These standalone, "toy" models are derived from the big models, though. When the AI bubble bursts and the private sector no longer subsidizes mass-scale model creation, it will cease to spin out more sophisticated models that run on commodity hardware (it's possible that Federated learning and other techniques for spreading out the work of making large-scale models will fill the gap).
So what kind of bubble is the AI bubble? What will we salvage from its wreckage? Perhaps the communities who've invested in becoming experts in Pytorch and Tensorflow will wrestle them away from their corporate masters and make them generally useful.

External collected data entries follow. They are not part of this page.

(* Let $\rho$ be a mixed memory over a set $X$ of program variables, and let $A$ be a predicate. For sets $E$ of entangled ghosts and $U$ of unentangled ghosts, write $\rho\models^{E U}A$ for "$\rho\models A$ where $A$ is interpreted as a predicate over $X\cup E\cup U$". Assume $E_1\cup U_1$ and $E_2\cup U_2$ both contain all variables of $\mathrm{fv}(A)\setminus X$ (i.e., $A$, as a predicate over $X\cup E_i\cup U_i$, equals $(X\cup E_i\cup U_i\cap W)\in_q S$ for its set of free variables $W$). Then $\rho\models^{E_1U_1}A$ iff $\rho\models^{E_2U_2}A$.
   Context: Variables have types (sets with a distinguished element $0$) and are of three disjoint kinds: program variables, entangled ghosts, unentangled ghosts. $\ell^2[V]$ is the Hilbert space with orthonormal basis indexed by assignments on $V$ (quantum memories over $V$); $\ell^2[V\cup W]\cong\ell^2[V]\otimes\ell^2[W]$. Mixed memories over $V$ are positive trace-class operators on $\ell^2[V]$; $\mathrm{tr}_W$ is partial trace. A mixed memory over $V\cup W$ is $(V,W)$-separable if it is a convergent sum $\sum_i\rho_i\otimes\rho_i'$ of mixed memories over $V$ and $W$. $\mathrm{supp}\,\rho$ is the closure of the range of $\rho$. A predicate over $V$ is a closed subspace of $\ell^2[V]$; for $W\subseteq V$ and a closed subspace $S\subseteq\ell^2[W]$, $(W\in_q S):=S\otimes\ell^2[V\setminus W]$. Predicates $A$ over $V$ and $A'$ over $W$ are identified when $A\otimes\ell^2[W\setminus V]=A'\otimes\ell^2[V\setminus W]$; "$\mathrm{fv}(A)\subseteq W$" means $A=(W\in_q S)$ for some $S$. For program variables $X$, entangled ghosts $E$, unentangled ghosts $U$ and a predicate $A$ over $X\cup E\cup U$, $\rho$ over $X$ satisfies $A$ iff there exists an $(X\cup E,U)$-separable mixed memory $\rho^\circ$ over $X\cup E\cup U$ with $\mathrm{supp}\,\rho^\circ\subseteq A$ and $\mathrm{tr}_{E\cup U}\rho^\circ=\rho$. *)

theory Defs
  imports "HOL-Analysis.Analysis" "HOL-Library.FuncSet"
begin

text \<open>Variables have type 'v, values live in a universal type 'val; the type of a
variable v is the set tp v (a set with a distinguished element; only nonemptiness
matters here). A (classical) memory / assignment over V is an element of
PiE V tp (extensional: undefined outside V).\<close>

datatype vkind = Program | Entangled | Unentangled

type_synonym ('v,'val) mem = "'v \<Rightarrow> 'val"
type_synonym ('v,'val) qvec = "('v,'val) mem \<Rightarrow> complex"
type_synonym ('v,'val) qop = "('v,'val) mem \<Rightarrow> ('v,'val) mem \<Rightarrow> complex"

definition mems :: "('v \<Rightarrow> 'val set) \<Rightarrow> 'v set \<Rightarrow> ('v,'val) mem set" where
  "mems tp V = PiE V tp"

definition l2 :: "('v \<Rightarrow> 'val set) \<Rightarrow> 'v set \<Rightarrow> ('v,'val) qvec set" where
  "l2 tp V = {\<psi>. (\<forall>m. m \<notin> mems tp V \<longrightarrow> \<psi> m = 0)
                  \<and> (\<lambda>m. (cmod (\<psi> m))^2) summable_on mems tp V}"

definition l2norm :: "('v \<Rightarrow> 'val set) \<Rightarrow> 'v set \<Rightarrow> ('v,'val) qvec \<Rightarrow> real" where
  "l2norm tp V \<psi> = sqrt (infsum (\<lambda>m. (cmod (\<psi> m))^2) (mems tp V))"

definition l2inner :: "('v \<Rightarrow> 'val set) \<Rightarrow> 'v set \<Rightarrow> ('v,'val) qvec \<Rightarrow> ('v,'val) qvec \<Rightarrow> complex" where
  "l2inner tp V \<phi> \<psi> = infsum (\<lambda>m. cnj (\<phi> m) * \<psi> m) (mems tp V)"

Certainly, a lot of people will have gained skills in applying statistical techniques.
But there will also be a lot of unsalvageable wreckage. As big AI models get integrated into the processes of the productive economy, AI becomes a source of systemic risk. The only thing worse than having an automated process that is rendered dangerous or erratic based on AI integration is to have that process fail entirely because the AI suddenly disappeared, a collapse that is too precipitous for former AI customers to engineer a soft landing for their systems.
This is a blind spot in our policymakers debates about AI. The smart policymakers are asking questions about fairness, algorithmic bias, and fraud. The foolish policymakers are ensnared in fantasies about "AI safety," AKA "Will the chatbot become a superintelligence that turns the whole human race into paperclips?"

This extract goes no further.